Data shown below:

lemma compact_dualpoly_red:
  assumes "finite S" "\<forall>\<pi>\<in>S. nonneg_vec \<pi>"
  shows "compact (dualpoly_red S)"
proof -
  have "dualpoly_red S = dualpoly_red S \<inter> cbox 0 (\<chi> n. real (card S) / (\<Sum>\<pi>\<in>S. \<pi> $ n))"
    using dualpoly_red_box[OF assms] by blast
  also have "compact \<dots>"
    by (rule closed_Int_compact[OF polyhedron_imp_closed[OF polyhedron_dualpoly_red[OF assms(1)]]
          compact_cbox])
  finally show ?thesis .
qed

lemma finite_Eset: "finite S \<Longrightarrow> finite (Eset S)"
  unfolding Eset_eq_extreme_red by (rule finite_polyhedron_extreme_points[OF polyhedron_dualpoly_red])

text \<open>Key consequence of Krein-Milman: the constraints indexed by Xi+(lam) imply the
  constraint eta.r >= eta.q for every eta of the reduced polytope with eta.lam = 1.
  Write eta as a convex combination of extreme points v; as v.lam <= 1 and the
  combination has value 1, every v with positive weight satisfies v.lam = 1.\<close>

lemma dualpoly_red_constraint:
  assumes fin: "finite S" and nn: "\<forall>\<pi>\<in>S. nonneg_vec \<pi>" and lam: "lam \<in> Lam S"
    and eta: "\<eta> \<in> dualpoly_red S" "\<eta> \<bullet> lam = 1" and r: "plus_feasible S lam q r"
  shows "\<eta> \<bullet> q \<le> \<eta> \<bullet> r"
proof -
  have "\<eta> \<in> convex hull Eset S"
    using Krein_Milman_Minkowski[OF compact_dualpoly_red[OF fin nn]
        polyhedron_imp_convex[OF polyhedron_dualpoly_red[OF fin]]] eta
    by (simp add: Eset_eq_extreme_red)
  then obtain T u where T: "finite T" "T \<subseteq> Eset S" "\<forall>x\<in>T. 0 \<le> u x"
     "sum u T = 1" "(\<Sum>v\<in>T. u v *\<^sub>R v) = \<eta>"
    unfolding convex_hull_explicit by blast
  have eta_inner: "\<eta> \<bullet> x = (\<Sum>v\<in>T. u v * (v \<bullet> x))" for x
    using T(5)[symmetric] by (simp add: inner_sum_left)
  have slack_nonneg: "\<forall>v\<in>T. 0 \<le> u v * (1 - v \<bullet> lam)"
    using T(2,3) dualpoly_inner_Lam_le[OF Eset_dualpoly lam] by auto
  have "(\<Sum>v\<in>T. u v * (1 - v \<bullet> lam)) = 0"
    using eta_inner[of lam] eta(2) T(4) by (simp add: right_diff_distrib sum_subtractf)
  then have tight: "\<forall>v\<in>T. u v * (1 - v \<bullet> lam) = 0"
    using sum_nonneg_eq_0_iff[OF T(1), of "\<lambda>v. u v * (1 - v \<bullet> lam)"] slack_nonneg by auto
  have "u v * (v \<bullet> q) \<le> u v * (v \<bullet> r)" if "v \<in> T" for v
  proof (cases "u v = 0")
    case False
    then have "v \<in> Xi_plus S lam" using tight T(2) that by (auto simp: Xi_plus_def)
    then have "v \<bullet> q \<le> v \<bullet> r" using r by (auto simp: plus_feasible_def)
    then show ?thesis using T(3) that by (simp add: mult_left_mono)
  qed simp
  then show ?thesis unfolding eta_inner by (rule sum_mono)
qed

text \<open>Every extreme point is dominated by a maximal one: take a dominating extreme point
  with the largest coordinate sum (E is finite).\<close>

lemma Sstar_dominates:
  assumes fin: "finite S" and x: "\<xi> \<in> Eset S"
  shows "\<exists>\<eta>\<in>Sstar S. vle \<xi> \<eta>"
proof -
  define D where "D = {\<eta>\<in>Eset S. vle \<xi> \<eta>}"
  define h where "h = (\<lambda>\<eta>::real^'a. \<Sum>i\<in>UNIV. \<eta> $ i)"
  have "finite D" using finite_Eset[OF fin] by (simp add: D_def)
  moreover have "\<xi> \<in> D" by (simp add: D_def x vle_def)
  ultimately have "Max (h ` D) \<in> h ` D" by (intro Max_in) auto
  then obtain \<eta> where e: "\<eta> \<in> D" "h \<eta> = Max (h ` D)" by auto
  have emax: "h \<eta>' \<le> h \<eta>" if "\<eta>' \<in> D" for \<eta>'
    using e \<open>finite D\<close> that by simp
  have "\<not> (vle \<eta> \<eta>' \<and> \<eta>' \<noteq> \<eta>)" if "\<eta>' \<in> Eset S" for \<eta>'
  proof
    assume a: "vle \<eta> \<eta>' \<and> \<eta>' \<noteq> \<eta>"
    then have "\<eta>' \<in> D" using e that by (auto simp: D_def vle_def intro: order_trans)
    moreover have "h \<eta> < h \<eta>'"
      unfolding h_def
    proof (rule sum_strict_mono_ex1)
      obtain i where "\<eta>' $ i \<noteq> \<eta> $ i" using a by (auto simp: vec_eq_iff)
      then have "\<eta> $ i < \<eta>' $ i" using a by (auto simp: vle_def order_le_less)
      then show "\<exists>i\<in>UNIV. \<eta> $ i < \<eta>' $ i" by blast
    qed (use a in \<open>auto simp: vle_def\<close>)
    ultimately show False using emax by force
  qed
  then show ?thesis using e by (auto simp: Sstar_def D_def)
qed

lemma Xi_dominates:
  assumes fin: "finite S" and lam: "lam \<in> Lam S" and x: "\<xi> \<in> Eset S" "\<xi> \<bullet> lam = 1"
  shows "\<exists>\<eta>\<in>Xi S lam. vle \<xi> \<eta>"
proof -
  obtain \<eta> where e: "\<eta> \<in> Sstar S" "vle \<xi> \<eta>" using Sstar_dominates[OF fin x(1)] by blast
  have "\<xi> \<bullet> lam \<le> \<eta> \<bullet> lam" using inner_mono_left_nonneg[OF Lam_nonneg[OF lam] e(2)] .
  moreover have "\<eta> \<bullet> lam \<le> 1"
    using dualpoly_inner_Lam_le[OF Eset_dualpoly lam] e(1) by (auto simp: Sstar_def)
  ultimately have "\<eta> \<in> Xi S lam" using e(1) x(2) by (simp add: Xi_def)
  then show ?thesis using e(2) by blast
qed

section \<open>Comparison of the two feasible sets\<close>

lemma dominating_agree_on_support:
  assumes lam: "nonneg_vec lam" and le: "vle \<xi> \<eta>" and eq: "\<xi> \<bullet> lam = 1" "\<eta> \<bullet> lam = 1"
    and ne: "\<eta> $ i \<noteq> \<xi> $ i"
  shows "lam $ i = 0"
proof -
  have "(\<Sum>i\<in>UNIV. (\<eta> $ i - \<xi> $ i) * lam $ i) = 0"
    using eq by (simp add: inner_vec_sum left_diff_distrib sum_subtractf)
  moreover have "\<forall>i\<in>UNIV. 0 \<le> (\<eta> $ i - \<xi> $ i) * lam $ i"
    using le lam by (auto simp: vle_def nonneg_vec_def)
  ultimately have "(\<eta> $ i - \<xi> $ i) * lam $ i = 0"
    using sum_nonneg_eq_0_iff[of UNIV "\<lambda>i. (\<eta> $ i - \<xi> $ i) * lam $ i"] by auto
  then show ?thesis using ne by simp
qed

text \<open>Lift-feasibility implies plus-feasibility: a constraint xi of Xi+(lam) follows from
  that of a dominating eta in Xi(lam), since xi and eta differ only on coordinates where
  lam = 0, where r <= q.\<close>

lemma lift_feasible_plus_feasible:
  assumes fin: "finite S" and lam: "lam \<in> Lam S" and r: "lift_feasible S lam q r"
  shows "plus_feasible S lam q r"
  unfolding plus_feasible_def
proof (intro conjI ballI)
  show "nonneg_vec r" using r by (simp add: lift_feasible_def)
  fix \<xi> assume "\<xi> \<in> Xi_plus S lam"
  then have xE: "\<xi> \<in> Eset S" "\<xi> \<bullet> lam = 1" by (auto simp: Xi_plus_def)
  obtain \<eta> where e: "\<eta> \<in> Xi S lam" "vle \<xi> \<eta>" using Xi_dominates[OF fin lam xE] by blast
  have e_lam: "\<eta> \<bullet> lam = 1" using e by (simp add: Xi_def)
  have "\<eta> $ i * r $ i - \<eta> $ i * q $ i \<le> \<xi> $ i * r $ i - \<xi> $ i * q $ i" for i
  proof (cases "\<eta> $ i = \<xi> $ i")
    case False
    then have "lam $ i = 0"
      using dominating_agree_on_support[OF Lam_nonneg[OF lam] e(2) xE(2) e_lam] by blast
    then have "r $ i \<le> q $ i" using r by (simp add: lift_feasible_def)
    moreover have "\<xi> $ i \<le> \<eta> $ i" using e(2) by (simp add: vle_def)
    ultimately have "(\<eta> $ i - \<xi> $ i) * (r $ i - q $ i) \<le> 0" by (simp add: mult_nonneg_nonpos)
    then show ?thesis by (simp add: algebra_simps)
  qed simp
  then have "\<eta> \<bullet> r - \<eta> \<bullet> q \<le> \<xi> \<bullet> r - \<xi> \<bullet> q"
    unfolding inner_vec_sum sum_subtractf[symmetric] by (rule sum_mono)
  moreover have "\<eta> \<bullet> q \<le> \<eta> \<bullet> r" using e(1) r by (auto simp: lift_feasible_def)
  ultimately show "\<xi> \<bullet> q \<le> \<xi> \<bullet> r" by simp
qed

End of Data shown.

_Problem to solve_
Take the line above containing "using dualpoly_red_box[OF assms] by blast", the line containing "text \<open>Key consequence", and all lines in between, and copy them exactly without anything else.

_Answer below_
    using dualpoly_red_box[OF assms] by blast
  also have "compact \<dots>"
    by (rule closed_Int_compact[OF polyhedron_imp_closed[OF polyhedron_dualpoly_red[OF assms(1)]]
          compact_cbox])
  finally show ?thesis .
qed

lemma finite_Eset: "finite S \<Longrightarrow> finite (Eset S)"
  unfolding Eset_eq_extreme_red by (rule finite_polyhedron_extreme_points[OF polyhedron_dualpoly_red])

text \<open>Key consequence of Krein-Milman: the constraints indexed by Xi+(lam) imply the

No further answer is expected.